McCarley et al. (2004) ont utilisé une tâche de cécité aux changements4 en prenant comme référence une scène visuelle de base et plusieurs scènes visuelles comportant des variantes. La consigne donnée était d’énumérer les changements de la scène en un minimum de temps, en considérant comme une erreur tout élément énoncé en un délai supérieur à soixante secondes. Ces auteurs ont ainsi pu mettre en évidence un nombre d’erreurs plus important durant la conversation téléphonique.
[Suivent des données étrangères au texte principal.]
(* Every graph $G=(V,E)$ on $n\ge2$ vertices can be decomposed into an edge-disjoint union of subgraphs $G_1\uplus G_2\uplus\cdots\uplus G_\ell$ such that (a) each vertex appears in at most $O(\log n)$ of the subgraphs, and (b) each subgraph $G_i$ is $2$-uniformly-dense.
   Context: A graph $H=(U,F)$ with $n_H=|U|$ vertices and $m_H=|F|$ edges is $\alpha$-uniformly-dense if (i) the minimum degree of $H$ is at least $1/\alpha$ times its average degree $2m_H/n_H$, and (ii) for every nonempty $S\subseteq U$, the average degree $2|F(S,S)|/|S|$ of the subgraph induced by $S$ is at most $\alpha$ times $2m_H/n_H$. Here $F(S,S)$ is the set of edges with both endpoints in $S$. *)

theory Defs
  imports Complex_Main
begin

definition simple_graph :: "'a set \<Rightarrow> 'a set set \<Rightarrow> bool" where
  "simple_graph V E \<longleftrightarrow> finite V \<and> (\<forall>e\<in>E. e \<subseteq> V \<and> card e = 2)"

definition degree :: "'a set set \<Rightarrow> 'a \<Rightarrow> nat" where
  "degree F v = card {e \<in> F. v \<in> e}"

definition avg_degree :: "'a set \<Rightarrow> 'a set set \<Rightarrow> real" where
  "avg_degree U F = 2 * real (card F) / real (card U)"

definition induced_edges :: "'a set set \<Rightarrow> 'a set \<Rightarrow> 'a set set" where
  "induced_edges F S = {e \<in> F. e \<subseteq> S}"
En termes de conduite, cela pourrait se traduire par une mauvaise compréhension des situations et par des difficultés à juger la nature des éléments présents. La capacité de prise de décision en serait inévitablement affectée.

Que ce soit en environnement réel, sur simulateur de conduite ou encore en laboratoire, les études visant à comprendre le comportement visuel des conducteurs sont nombreuses. Recarte et Nunes (2000) ont observé les effets d’une tâche cognitive sur les stratégies visuelles des conducteurs en situation réelle de conduite. Durant l’expérimentation, des tâches verbales et des tâches d’imagerie spatiale leurs étaient proposées. Les résultats montrent que lorsque la demande de la tâche secondaire augmente, le champ visuel fonctionnel se réduit aussi bien horizontalement que verticalement avec une baisse de la fréquence de consultations des rétroviseurs et une réduction de la surveillance des instruments de commandes (Recarte & Nunes, 2000). Des résultats similaires ont été obtenus lors de recherches ultérieures (Harbluk et al. 2007; Recarte & Nunes, 2003; Victor et al. 2005). L’expérimentation de Recarte et Nunes (2000) illustre parfaitement les principaux effets liés à la réalisation d’une tâche cognitive et met ainsi en avant la manière dont une conversation modifie l’allocation des regards.

Recarte et Nunes (2003) ont montré par la suite qu’une tâche mentale provoquait une concentration spatiale des regards. Ce phénomène, appelé également « effet tunnel », se traduit par des regards essentiellement dirigés vers le centre de la route avec une baisse des variations horizontales et verticales de l’angle des regards (Harbluk & Noy, 2002; T. W. Victor, et al., 2005). Cette concentration des regards est accentuée par des regards plus rares en direction du marquage au sol à proximité du véhicule (Harbluk & Noy, 2007 ; Recarte & Nunes 2000). Pour Victor et al. (2005), ce phénomène pourrait être révélateur soit d’une priorité donnée à l’action de guidage au détriment des tâches de reconnaissance, soit d’une perturbation dans le traitement des tâches à effectuer ou tout simplement à une combinaison de ces deux causes. La conséquence principale des modifications des stratégies visuelles serait un affaiblissement des capacités de détection des changements dans la scène routière (Recarte & Nunes, 2003; Strayer & Johnston, 2001; Victor et al. 2005).

Par ailleurs, si l’on s’intéresse à l’impact des tâches ajoutées en fonction de l’expérience de conduite, l’étude de Wikman et al. (1998) s’avère particulièrement intéressante. Ils ont testé la durée des regards des conducteurs novices lors d’un changement de cassette, au moment de la recherche d’une station radio et lors d’une conversation téléphonique. Ils ont ainsi pu relever une variabilité dans la durée des regards plus importante chez les conducteurs novices que chez les conducteurs expérimentés. Pour McCarley et al. (2004), l’utilisation du téléphone portable détourne l’attention des jeunes conducteurs de la détection des changements dans des situations complexes de conduite. Il est aussi important de noter que certaines études suggèrent qu’en situation de simple tâche, les jeunes conducteurs ne sont pas aussi efficaces que les conducteurs expérimentés dans le traitement des informations visuelles nécessaires. Par exemple, McKnight et McKnight (2000) soulignent un déficit chez les conducteurs novices à identifier des risques potentiels dans la scène routière. Un effet d’expérience qui peut s’avérer utile en situation d’attention partagée puisque lorsque la demande de conduite augmente, les expérimentés peuvent réallouer leurs ressources cognitives et modifier leur inspection de la scène (Chapman & Underwood, 1999).

Notes
4.

On appelle « cécité au changement » l'incapacité commune à  remarquer des changements parfois considérables dans la scène visuelle.